As the flashback winds again (this time by Rithika), she fell for Prabhu after seeing him on many instances showing his presence of mind. As the flashback ends, Manoj finds Prabhu on the highway, where he does not stop until he runs over pieces of glass put down by Prabhu. They get into a brawl where Prabhu loses, and Manoj continues in the highway but has to stop in a railway signal at Andhra Pradesh-Karnataka border. Prabhu takes his chance and threatens Manoj, keeping his throat under a blade and taking Rithika with him. After a cat and mouse chase, Manoj calls Prabhu, saying that his friend needs immediate treatment after an accident. He goes in search of Manoj and involves in a fight with him again. Now, after the stroke of midnight, Rithika turns 18, giving her the right for choosing her partner. After that, Manoj leaves the highway, as he could not do anymore, according to the law.

== Cast ==

- Siddharth as Prabhu
- Ashrita Shetty as Rithika
- Kay Kay Menon as Manoj Menon IPS, Assistant Commissioner of Police
- Avinash as Avinash Patel, Rithika's father
- Aadukalam Naren as Prabhu's brother-in-law
- Surekha Vani as Prabhu's sister
- Kaali Venkat as Constable Anbu
- Karthik Sabesh as Karthik
- Deepak as Deepak
- Achyuth Kumar as Politician
- Yash Bhothra as Umesh
- Ajay as Ajay
- Rohit Balaiah
- P. Kalaivanan
- Gaana Bala in a special appearance
- Deepa Venkat as Manoj Menon's wife (voice only)

== Production ==
While working with Balu Mahendra for Adhu Oru Kana Kaalam (2005), producer Vetrimaaran prepared a script for Dhanush, who was the lead hero of the film he worked on, and Dhanush immediately accepted the offer after hearing the story. The film titled was Desiya Nedunchalai 47 was initially launched with Yuvan Shankar Raja as the music director and Ekambaram as the cinematographer. However, he found trouble finding producers with A. M. Rathnam and Salem Chandrasekhar leaving the project after initial interest, Dhanush's sister Dr. Vimala Geetha agreed to produce the film, but she also dropped the film. Dhanush's father Kasthuri Raja finally agreed to produce the film, and Kirat Bhattal was signed as heroine, while Harris Jayaraj was selected as music director. However, after two days of shoot, the film was shelved, and Dhanush opted to pursue other films after the surprise success of his Thiruvilayadal Arambam (2006). The film's collapse saw Vetrimaaran approach producer Kadiresan and narrated to him the stories he had prepared, but the producer did not like Desiya Nedunchaalai 47, but later agreed to work on another project titled Polladhavan.

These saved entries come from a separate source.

(* With $\phi_i,\theta^*,\pi_i,\pi_i^*,\mathcal{L},u,v,\lambda_\phi$ as in the generalized linear model setting: (i) $\mathcal{L}$ is $\beta$-smooth with $\beta=\frac38\max_i\|\phi_i\|_2^2$, i.e. $|z^\top\nabla^2\mathcal{L}(\theta)z|\le\beta\|z\|_2^2$ for all $\theta,z$; (ii) for every $\theta$ with $\mathcal{L}(\theta)>0$ and every $z\in\mathbb{R}^d$, $|z^\top\nabla^2\mathcal{L}(\theta)z|\le\beta(\theta)\|z\|_2^2$, where $$\beta(\theta)=L_1(\theta)\Big\|\frac{\partial\mathcal{L}(\theta)}{\partial\theta}\Big\|_2+L_0(\theta)\,\frac{\|\partial\mathcal{L}(\theta)/\partial\theta\|_2^2}{\mathcal{L}(\theta)},$$ $$L_1(\theta)=\frac{\max_i\|\phi_i\|_2^2}{32\,(\min\{u(\theta),v\}\sqrt{\lambda_\phi})^{3/2}},\qquad L_0(\theta)=\frac{17\max_i\|\phi_i\|_2^2}{512\,u(\theta)^2\min\{u(\theta)^2,v^2\}\lambda_\phi}.$$
   Context: Generalized linear model setting: $\phi_1,\dots,\phi_N\in\mathbb{R}^d$ (not all zero), $\theta^*\in\mathbb{R}^d$, $\sigma(z)=1/(1+e^{-z})$, $\pi_i^*=\sigma(\phi_i^\top\theta^* )$, $\pi_i=\pi_i(\theta)=\sigma(\phi_i^\top\theta)$, $\mathcal{L}(\theta)=\frac1N\sum_{i=1}^N(\pi_i-\pi_i^* )^2$, $u(\theta)=\min_i\pi_i(1-\pi_i)$, $v=\min_i\pi_i^*(1-\pi_i^* )$, $\lambda_\phi$ the smallest positive eigenvalue of $\frac1N\sum_i\phi_i\phi_i^\top$. *)

theory Defs
  imports "HOL-Analysis.Analysis"
begin

definition sigmoid :: "real \<Rightarrow> real" where
  "sigmoid z = 1 / (1 + exp (- z))"

definition partial :: "(real^'d \<Rightarrow> real) \<Rightarrow> 'd \<Rightarrow> real^'d \<Rightarrow> real" where
  "partial f i x = deriv (\<lambda>t. f (x + t *\<^sub>R axis i 1)) 0"

definition grad :: "(real^'d \<Rightarrow> real) \<Rightarrow> real^'d \<Rightarrow> real^'d" where
  "grad f x = (\<chi> i. partial f i x)"

definition hessian :: "(real^'d \<Rightarrow> real) \<Rightarrow> real^'d \<Rightarrow> real^'d^'d" where
  "hessian f x = (\<chi> i j. partial (\<lambda>y. partial f i y) j x)"

definition glm_pi :: "(nat \<Rightarrow> real^'d) \<Rightarrow> real^'d \<Rightarrow> nat \<Rightarrow> real" where
  "glm_pi phi \<theta> i = sigmoid (phi i \<bullet> \<theta>)"

definition glm_loss :: "nat \<Rightarrow> (nat \<Rightarrow> real^'d) \<Rightarrow> real^'d \<Rightarrow> real^'d \<Rightarrow> real" where
  "glm_loss N phi \<theta>s \<theta> = (1 / real N) * (\<Sum>i<N. (glm_pi phi \<theta> i - glm_pi phi \<theta>s i)^2)"

definition glm_u :: "nat \<Rightarrow> (nat \<Rightarrow> real^'d) \<Rightarrow> real^'d \<Rightarrow> real" where
  "glm_u N phi \<theta> = Min {glm_pi phi \<theta> i * (1 - glm_pi phi \<theta> i) | i. i < N}"

definition max_phi_sq :: "nat \<Rightarrow> (nat \<Rightarrow> real^'d) \<Rightarrow> real" where
  "max_phi_sq N phi = Max {(norm (phi i))^2 | i. i < N}"

definition outer :: "real^'d \<Rightarrow> real^'d \<Rightarrow> real^'d^'d" where
  "outer a b = (\<chi> i j. a $ i * b $ j)"

definition design_matrix :: "nat \<Rightarrow> (nat \<Rightarrow> real^'d) \<Rightarrow> real^'d^'d" where
  "design_matrix N phi = (1 / real N) *\<^sub>R (\<Sum>i<N. outer (phi i) (phi i))"

definition is_eigenvalue :: "real^'d^'d \<Rightarrow> real \<Rightarrow> bool" where
  "is_eigenvalue A c \<longleftrightarrow> (\<exists>x. x \<noteq> 0 \<and> A *v x = c *\<^sub>R x)"

definition lambda_phi :: "nat \<Rightarrow> (nat \<Rightarrow> real^'d) \<Rightarrow> real" where
  "lambda_phi N phi = Min {c. c > 0 \<and> is_eigenvalue (design_matrix N phi) c}"

end

theory Submission
  imports Defs
begin

(* The Hessian quadratic form of L at theta is (2/N) sum_k h_k (phi_k . z)^2, where
   h_k = s (s + (sigma - pi*_k) (1 - 2 sigma)) with sigma = sigma(phi_k . theta) and s = sigma (1 - sigma);
   since 0 < s <= 1/4 and |pi*_k - sigma| < 1, we get |h_k| <= 3/16, which is (i).
   For (ii), write theta - theta* = w + w' with w in the span of the phi_k and w' orthogonal to it.
   By the mean value theorem for sigma, <grad L, w> >= 8 u L and L >= min(u,v)^2 lambda_phi |w|^2,
   the latter because the least positive eigenvalue of the design matrix bounds its quadratic form
   from below on the span.  Cauchy-Schwarz then gives |grad L|^2 >= 64 u^2 min(u,v)^2 lambda_phi L,
   so the L0 term alone is at least (17/8) max_i |phi_i|^2 and (ii) follows from (i). *)

definition sigmoid' :: "real \<Rightarrow> real" where
  "sigmoid' a = sigmoid a * (1 - sigmoid a)"

lemma sigmoid_pos: "0 < sigmoid a" and sigmoid_less_1: "sigmoid a < 1"
  unfolding sigmoid_def by (auto simp: divide_simps add_pos_pos)

lemma sigmoid_mono: "a \<le> b \<Longrightarrow> sigmoid a \<le> sigmoid b"
  unfolding sigmoid_def by (auto simp: divide_simps add_pos_pos)

lemma sigmoid'_pos: "0 < sigmoid' a"
  unfolding sigmoid'_def using sigmoid_pos[of a] sigmoid_less_1[of a] by simp

lemma sigmoid'_le: "sigmoid' a \<le> 1/4"
proof -
  have "0 \<le> (sigmoid a - 1/2)^2" by simp
  then show ?thesis unfolding sigmoid'_def by (simp add: power2_eq_square algebra_simps)
qed

lemma sigmoid_has_real_derivative: "(sigmoid has_real_derivative sigmoid' a) (at a)"
proof -
  have pos: "1 + exp (-a) > 0" by (simp add: add_pos_pos)
  have "((\<lambda>z. 1 / (1 + exp (- z))) has_real_derivative exp (-a) / (1 + exp (-a))^2) (at a)"
    using pos by (auto intro!: derivative_eq_intros simp: power2_eq_square)
  moreover have "exp (-a) / (1 + exp (-a))^2 = sigmoid' a"
    using pos unfolding sigmoid'_def sigmoid_def by (simp add: field_simps power2_eq_square)
  ultimately show ?thesis unfolding sigmoid_def[abs_def] by simp
qed

lemma sigmoid'_has_real_derivative:
  "(sigmoid' has_real_derivative sigmoid' a * (1 - 2 * sigmoid a)) (at a)"
proof -
  have "((\<lambda>a. sigmoid a * (1 - sigmoid a)) has_real_derivative
     sigmoid' a * (1 - sigmoid a) + sigmoid a * (- sigmoid' a)) (at a)"
    by (rule derivative_eq_intros sigmoid_has_real_derivative refl)+ simp
  then show ?thesis unfolding sigmoid'_def[abs_def] by (simp add: algebra_simps)
qed

lemma min_endpoints_le_mult_one_minus:
  fixes q q1 q2 :: real
  assumes "q1 \<le> q" "q \<le> q2"
  shows "min (q1 * (1 - q1)) (q2 * (1 - q2)) \<le> q * (1 - q)"
proof (cases "q + q1 \<le> 1")
  case True
  have "q * (1 - q) - q1 * (1 - q1) = (q - q1) * (1 - q - q1)" by (simp add: algebra_simps)
  also have "\<dots> \<ge> 0" using True assms by simp
  finally show ?thesis by linarith
next
  case False
  have "q * (1 - q) - q2 * (1 - q2) = (q2 - q) * (q + q2 - 1)" by (simp add: algebra_simps)
  also have "\<dots> \<ge> 0" using False assms by simp
  finally show ?thesis by linarith
qed

lemma sigmoid_mean_value:
  "\<exists>c. sigmoid b - sigmoid a = c * (b - a) \<and> min (sigmoid' a) (sigmoid' b) \<le> c \<and> c \<le> 1/4"
proof -
  have "\<exists>c. sigmoid y - sigmoid x = c * (y - x) \<and> min (sigmoid' x) (sigmoid' y) \<le> c \<and> c \<le> 1/4"
    if "x < y" for x y
  proof -
    obtain z where z: "x < z" "z < y" "sigmoid y - sigmoid x = (y - x) * sigmoid' z"
      using MVT2[OF \<open>x < y\<close>, of sigmoid sigmoid'] sigmoid_has_real_derivative by blast
    have "min (sigmoid' x) (sigmoid' y) \<le> sigmoid' z"
      unfolding sigmoid'_def using z
      by (intro min_endpoints_le_mult_one_minus sigmoid_mono) auto
    then show ?thesis using z sigmoid'_le[of z] by (intro exI[of _ "sigmoid' z"]) (simp add: mult.commute)
  qed
  from this[of a b] this[of b a] show ?thesis
    by (cases a b rule: linorder_cases)
       (auto simp: algebra_simps min.commute intro: exI[of _ "sigmoid' a"] sigmoid'_le, metis)
qed

lemma partial_ridge_sum:
  fixes phi :: "nat \<Rightarrow> real^'d"
  assumes "\<And>k a. k < N \<Longrightarrow> (h k has_real_derivative h' k a) (at a)"
  shows "partial (\<lambda>y. \<Sum>k<N. h k (phi k \<bullet> y)) j x = (\<Sum>k<N. h' k (phi k \<bullet> x) * phi k $ j)"
proof -
  have line: "phi k \<bullet> (x + t *\<^sub>R axis j 1) = phi k \<bullet> x + t * phi k $ j" for k t
    by (simp add: inner_add_right inner_axis)
  have "((\<lambda>t. \<Sum>k<N. h k (phi k \<bullet> x + t * phi k $ j)) has_real_derivative
        (\<Sum>k<N. h' k (phi k \<bullet> x) * phi k $ j)) (at 0)"
  proof (rule DERIV_sum)
    fix k assume "k \<in> {..<N}"
    then have "(h k has_real_derivative h' k (phi k \<bullet> x + 0 * phi k $ j)) (at (phi k \<bullet> x + 0 * phi k $ j))"
      using assms by auto
    moreover have "((\<lambda>t. phi k \<bullet> x + t * phi k $ j) has_real_derivative phi k $ j) (at 0)"
      by (auto intro!: derivative_eq_intros)
    ultimately show "((\<lambda>t. h k (phi k \<bullet> x + t * phi k $ j)) has_real_derivative
        h' k (phi k \<bullet> x) * phi k $ j) (at 0)"
      using DERIV_chain2 by fastforce
  qed
  then show ?thesis unfolding partial_def line by (rule DERIV_imp_deriv)
qed

lemma glm_loss_nonneg: "0 \<le> glm_loss N phi \<theta>s \<theta>"
  unfolding glm_loss_def by (simp add: sum_nonneg)

lemma glm_loss_ridge_sum:
  "glm_loss N phi \<theta>s = (\<lambda>y. \<Sum>k<N. (\<lambda>a. (1/N) * (sigmoid a - glm_pi phi \<theta>s k)^2) (phi k \<bullet> y))"
  by (rule ext) (simp add: glm_loss_def glm_pi_def sum_distrib_left)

Vetrimaaran restarted the film as a creative producer with Dayanidhi Azhagiri, and chose to give the script to debutant director Manimaaran, who was initially nervous to take over a script by a National film winner. The team tried to re-take the title Desiya Nedunchalai, but this name was already registered by Dr. Srinivasan, which hence led to the renaming of the title to Udhayam NH4. Cloud Nine Movies approached Siddharth for the lead role, who immediately accepted it. Kishore, who was initially approached for a role in 2006, was re-approached but was unable to commit dates for the film. Subsequently Kay Kay Menon, who Vetrimaaran had been discussing a role in his next film Vada Chennai with, was signed on to play a pivotal role in the film. Debut actress Ashrita Shetty was selected to play the lead female role. Ramya was signed to appear in a cameo appearance in the film but eventually did not feature. Newbies Ajai, Kalai and Karthi play Siddharth's friends. Velraj is the cinematographer, music by G. V. Prakash Kumar editing will be by Kishore Te. The film was produced jointly by Dayanidhi Azhagiri and Vetrimaaran as a tie-up between their companies Meeka Entertainment and Grass Root Film Company. The filming took place only on real locations, where crowds delayed shootings up to four days, making hidden cameras mandatory.

== Soundtrack ==

The soundtrack album was composed by G. V. Prakash Kumar. The music rights were acquired by Sony Music India. On 14 February 2013 Valentine's Day, the track "Yaaro Ivan" was unveiled at Suryan FM.

Track listing
| No. | Title | Lyrics | Singer(s) | Length |
|---|---|---|---|---|
| 1. | "Yaaro Ivan" | Na. Muthukumar | G. V. Prakash Kumar & Saindhavi | 04:41 |
| 2. | "Maalai Pon Maalai" | La. Rajkumar | Bela Shende & S. P. B. Charan | 05:22 |
| 3. | "Ora Kannala" | Gaana Bala | Gaana Bala | 04:47 |
| 4. | "Indrodu Thadaigal" | Vaali | Srinivas & Ramya NSK | 03:57 |
| 5. | "Vaa Iravugal" | Kabilan Vairamuthu | Ajmal Khan, Amrith Vishwanath | 05:30 |
| Total length: |  |  |  | 18:47 |

== Release ==
On 14 February 2013, the first film trailer was released at Sun Music. Udhayam NH4 released in around 250 theatres across Tamil Nadu.

== Reception ==
Baradwaj Rangan of The Hindu thanked the film crew for a well treated, but slight story, "[...] the constant infusion of colour keeps us hooked. I don’t think I’ve laughed so much at a cop telling his nagging wife he loves her." Behindwoods gave 3 of 5 stars and concluded, "To sum it all, Udhayam NH 4 comes across as a well packaged product that has many things going in its favor and is sure to have patrons from the youth along with other sections of the audience too." Sify recommended the film, "The presentation is unique as it doesn’t have the trappings of usual masala potboilers." in.com rated the film 3.5 out of 5 and stated that the story is simple but the taut screenplay with unexpected twists and turns at the right time makes Udhayam a good watch. Mahalakshmi Prabhakaran of Daily News and Analysis criticized the performance of Ashrita Shetty heavily, "As the character who’s the prize catch for both the cop and the boyfriend, the role’s every debutante actress' dream. But Hrishita just doesn’t match up. We are not even going to comment on her poor delivery of Tamil. Yes, she might be a Kannadiga in the movie, but that’s no excuse!", giving the film an average rating of 3. S. Saarawathi of Rediff wrote, "Udhayam NH4 is a racy entertainer that keeps you glued to the screen." Sidharth Varma of The Times of India rated it 3.5 out of 5 stars and said, "The movie brings in a whiff of fresh air in the dialogue department. The characters switch between the four south Indian languages and English depending on the place where the scene is set and the situation, which adds to the authenticity of the movie. The drama is injected in the right doses through the incidents on the highway, and flashbacks tell us more about each character." Sangeetha Devi Dundoo of The Hindu recommended the film, "Take a ride down this highway just to see how a talented director can make a simple story engaging." Review Raja found the film to be "just an alright movie", and thought, that Ashrita Shetty wasn't capable enough to play the female lead role. Bangalore Mirror gave the film 3.5 out of 5 saying that the film is well crafted.